TASK ITEM: Write out every record below exactly, so that nothing differs from what is shown.

DATA FOR THE TASK:
....

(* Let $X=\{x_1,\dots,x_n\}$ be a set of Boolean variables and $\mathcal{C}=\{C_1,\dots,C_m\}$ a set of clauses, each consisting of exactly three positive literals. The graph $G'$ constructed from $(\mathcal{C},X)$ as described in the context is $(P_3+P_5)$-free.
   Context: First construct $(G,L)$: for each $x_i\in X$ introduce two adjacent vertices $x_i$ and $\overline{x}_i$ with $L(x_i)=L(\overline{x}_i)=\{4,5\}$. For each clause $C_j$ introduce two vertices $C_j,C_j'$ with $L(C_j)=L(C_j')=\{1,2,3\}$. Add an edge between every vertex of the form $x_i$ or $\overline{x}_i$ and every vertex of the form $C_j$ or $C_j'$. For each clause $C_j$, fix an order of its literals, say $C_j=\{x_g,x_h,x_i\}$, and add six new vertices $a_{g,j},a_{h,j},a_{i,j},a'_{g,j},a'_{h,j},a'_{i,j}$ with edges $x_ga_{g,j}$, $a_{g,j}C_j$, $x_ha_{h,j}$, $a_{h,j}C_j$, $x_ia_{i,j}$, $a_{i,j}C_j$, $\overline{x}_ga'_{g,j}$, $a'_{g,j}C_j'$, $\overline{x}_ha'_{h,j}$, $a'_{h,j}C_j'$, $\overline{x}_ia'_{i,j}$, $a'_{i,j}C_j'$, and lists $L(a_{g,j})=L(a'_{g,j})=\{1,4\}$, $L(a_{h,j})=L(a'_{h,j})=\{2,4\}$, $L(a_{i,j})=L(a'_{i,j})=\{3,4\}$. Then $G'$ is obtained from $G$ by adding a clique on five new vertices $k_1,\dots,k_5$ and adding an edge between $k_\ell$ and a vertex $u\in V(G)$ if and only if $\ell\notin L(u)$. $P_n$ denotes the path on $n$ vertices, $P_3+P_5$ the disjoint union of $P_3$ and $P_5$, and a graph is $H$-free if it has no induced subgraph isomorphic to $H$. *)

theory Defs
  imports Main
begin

....

RESPONSE:
(* Let $X=\{x_1,\dots,x_n\}$ be a set of Boolean variables and $\mathcal{C}=\{C_1,\dots,C_m\}$ a set of clauses, each consisting of exactly three positive literals. The graph $G'$ constructed from $(\mathcal{C},X)$ as described in the context is $(P_3+P_5)$-free.
   Context: First construct $(G,L)$: for each $x_i\in X$ introduce two adjacent vertices $x_i$ and $\overline{x}_i$ with $L(x_i)=L(\overline{x}_i)=\{4,5\}$. For each clause $C_j$ introduce two vertices $C_j,C_j'$ with $L(C_j)=L(C_j')=\{1,2,3\}$. Add an edge between every vertex of the form $x_i$ or $\overline{x}_i$ and every vertex of the form $C_j$ or $C_j'$. For each clause $C_j$, fix an order of its literals, say $C_j=\{x_g,x_h,x_i\}$, and add six new vertices $a_{g,j},a_{h,j},a_{i,j},a'_{g,j},a'_{h,j},a'_{i,j}$ with edges $x_ga_{g,j}$, $a_{g,j}C_j$, $x_ha_{h,j}$, $a_{h,j}C_j$, $x_ia_{i,j}$, $a_{i,j}C_j$, $\overline{x}_ga'_{g,j}$, $a'_{g,j}C_j'$, $\overline{x}_ha'_{h,j}$, $a'_{h,j}C_j'$, $\overline{x}_ia'_{i,j}$, $a'_{i,j}C_j'$, and lists $L(a_{g,j})=L(a'_{g,j})=\{1,4\}$, $L(a_{h,j})=L(a'_{h,j})=\{2,4\}$, $L(a_{i,j})=L(a'_{i,j})=\{3,4\}$. Then $G'$ is obtained from $G$ by adding a clique on five new vertices $k_1,\dots,k_5$ and adding an edge between $k_\ell$ and a vertex $u\in V(G)$ if and only if $\ell\notin L(u)$. $P_n$ denotes the path on $n$ vertices, $P_3+P_5$ the disjoint union of $P_3$ and $P_5$, and a graph is $H$-free if it has no induced subgraph isomorphic to $H$. *)

theory Defs
  imports Main
begin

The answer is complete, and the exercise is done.